_Goal of the exercise:_
Go through the entries below line by line and count those containing "definition"; the answer is that count alone.

_Collected data entries:_
◇ ◇ ◇
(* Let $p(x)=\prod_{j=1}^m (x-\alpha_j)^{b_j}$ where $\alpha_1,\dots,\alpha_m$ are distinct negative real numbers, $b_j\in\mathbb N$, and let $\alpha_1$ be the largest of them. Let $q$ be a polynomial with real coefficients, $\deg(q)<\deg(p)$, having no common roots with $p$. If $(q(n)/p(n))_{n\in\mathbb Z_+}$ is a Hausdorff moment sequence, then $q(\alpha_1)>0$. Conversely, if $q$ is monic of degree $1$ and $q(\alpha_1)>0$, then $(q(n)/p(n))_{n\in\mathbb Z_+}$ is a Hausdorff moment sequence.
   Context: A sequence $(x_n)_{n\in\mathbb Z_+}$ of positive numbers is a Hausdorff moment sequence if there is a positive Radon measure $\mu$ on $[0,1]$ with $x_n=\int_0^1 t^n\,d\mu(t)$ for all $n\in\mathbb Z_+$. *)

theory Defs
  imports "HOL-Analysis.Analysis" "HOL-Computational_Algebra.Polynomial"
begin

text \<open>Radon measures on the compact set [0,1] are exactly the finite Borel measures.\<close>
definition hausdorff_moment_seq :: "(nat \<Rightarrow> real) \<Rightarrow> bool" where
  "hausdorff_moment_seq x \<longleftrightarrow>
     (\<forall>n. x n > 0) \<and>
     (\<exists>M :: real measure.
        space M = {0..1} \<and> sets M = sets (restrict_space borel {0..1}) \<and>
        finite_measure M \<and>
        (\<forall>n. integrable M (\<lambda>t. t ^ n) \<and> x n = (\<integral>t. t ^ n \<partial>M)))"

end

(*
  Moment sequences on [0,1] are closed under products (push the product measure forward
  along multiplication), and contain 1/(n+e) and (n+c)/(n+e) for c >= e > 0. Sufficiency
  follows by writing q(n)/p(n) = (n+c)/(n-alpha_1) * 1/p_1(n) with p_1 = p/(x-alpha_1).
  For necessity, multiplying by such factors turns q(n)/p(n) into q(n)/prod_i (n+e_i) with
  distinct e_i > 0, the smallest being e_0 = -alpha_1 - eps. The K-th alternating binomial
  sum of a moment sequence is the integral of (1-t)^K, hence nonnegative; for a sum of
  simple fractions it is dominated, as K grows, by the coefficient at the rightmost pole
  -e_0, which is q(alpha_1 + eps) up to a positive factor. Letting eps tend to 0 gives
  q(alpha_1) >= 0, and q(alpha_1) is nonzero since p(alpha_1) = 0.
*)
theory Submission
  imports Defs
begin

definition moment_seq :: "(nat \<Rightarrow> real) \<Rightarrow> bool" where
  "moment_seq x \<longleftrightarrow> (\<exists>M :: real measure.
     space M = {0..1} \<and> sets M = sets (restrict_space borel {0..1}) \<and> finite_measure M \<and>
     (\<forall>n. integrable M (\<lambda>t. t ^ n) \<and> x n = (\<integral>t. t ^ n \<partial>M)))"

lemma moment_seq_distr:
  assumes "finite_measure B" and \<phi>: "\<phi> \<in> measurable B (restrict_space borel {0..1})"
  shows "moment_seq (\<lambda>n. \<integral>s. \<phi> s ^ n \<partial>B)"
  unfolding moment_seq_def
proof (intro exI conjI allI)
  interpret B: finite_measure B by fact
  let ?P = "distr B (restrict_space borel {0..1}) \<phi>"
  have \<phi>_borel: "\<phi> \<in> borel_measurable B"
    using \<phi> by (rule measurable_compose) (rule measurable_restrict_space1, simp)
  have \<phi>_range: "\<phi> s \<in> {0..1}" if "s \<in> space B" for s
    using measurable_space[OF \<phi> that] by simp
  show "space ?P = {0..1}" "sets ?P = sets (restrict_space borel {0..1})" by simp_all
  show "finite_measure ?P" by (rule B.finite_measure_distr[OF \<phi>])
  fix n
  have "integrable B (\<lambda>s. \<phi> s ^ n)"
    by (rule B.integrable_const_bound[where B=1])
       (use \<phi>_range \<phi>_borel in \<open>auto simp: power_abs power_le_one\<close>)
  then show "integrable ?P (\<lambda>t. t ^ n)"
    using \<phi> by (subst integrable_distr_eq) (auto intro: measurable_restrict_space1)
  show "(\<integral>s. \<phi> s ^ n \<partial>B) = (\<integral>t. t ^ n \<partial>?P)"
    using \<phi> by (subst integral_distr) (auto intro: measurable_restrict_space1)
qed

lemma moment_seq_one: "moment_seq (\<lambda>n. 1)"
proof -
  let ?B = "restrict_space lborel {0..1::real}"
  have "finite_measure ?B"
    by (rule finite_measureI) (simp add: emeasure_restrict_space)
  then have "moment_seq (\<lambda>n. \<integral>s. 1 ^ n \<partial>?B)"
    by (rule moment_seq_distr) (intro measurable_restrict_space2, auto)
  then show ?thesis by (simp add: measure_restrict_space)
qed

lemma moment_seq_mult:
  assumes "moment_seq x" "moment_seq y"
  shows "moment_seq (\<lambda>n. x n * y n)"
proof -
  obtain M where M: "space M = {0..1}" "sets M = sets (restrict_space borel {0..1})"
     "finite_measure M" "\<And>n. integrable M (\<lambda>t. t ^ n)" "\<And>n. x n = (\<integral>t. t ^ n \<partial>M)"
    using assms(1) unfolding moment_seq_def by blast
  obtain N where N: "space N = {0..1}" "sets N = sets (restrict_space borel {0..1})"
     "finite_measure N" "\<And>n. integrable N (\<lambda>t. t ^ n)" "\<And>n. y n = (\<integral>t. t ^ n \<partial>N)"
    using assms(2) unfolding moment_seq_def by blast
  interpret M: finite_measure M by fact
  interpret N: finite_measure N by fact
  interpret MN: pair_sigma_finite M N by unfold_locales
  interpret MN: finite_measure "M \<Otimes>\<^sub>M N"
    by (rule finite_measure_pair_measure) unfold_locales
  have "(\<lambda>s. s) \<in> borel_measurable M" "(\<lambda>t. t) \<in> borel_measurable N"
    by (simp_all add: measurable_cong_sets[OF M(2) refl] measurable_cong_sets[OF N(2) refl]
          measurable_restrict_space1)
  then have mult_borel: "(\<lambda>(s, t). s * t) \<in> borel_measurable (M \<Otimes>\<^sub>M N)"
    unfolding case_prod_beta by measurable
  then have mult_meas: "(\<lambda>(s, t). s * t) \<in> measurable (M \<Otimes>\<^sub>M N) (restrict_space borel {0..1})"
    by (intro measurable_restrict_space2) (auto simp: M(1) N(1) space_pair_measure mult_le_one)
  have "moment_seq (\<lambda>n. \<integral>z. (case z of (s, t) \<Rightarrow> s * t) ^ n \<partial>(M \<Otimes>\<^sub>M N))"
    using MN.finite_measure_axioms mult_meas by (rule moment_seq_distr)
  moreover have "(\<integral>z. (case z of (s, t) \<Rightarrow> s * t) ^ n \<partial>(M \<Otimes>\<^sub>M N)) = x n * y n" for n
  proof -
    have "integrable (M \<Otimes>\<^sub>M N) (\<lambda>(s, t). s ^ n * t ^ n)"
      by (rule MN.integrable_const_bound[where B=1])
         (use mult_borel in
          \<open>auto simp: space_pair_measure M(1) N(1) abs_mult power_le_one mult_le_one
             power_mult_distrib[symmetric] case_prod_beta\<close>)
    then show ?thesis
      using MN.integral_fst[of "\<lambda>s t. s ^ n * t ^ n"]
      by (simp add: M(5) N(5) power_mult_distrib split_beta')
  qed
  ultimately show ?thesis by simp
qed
◇ ◇ ◇
_Task output:_
2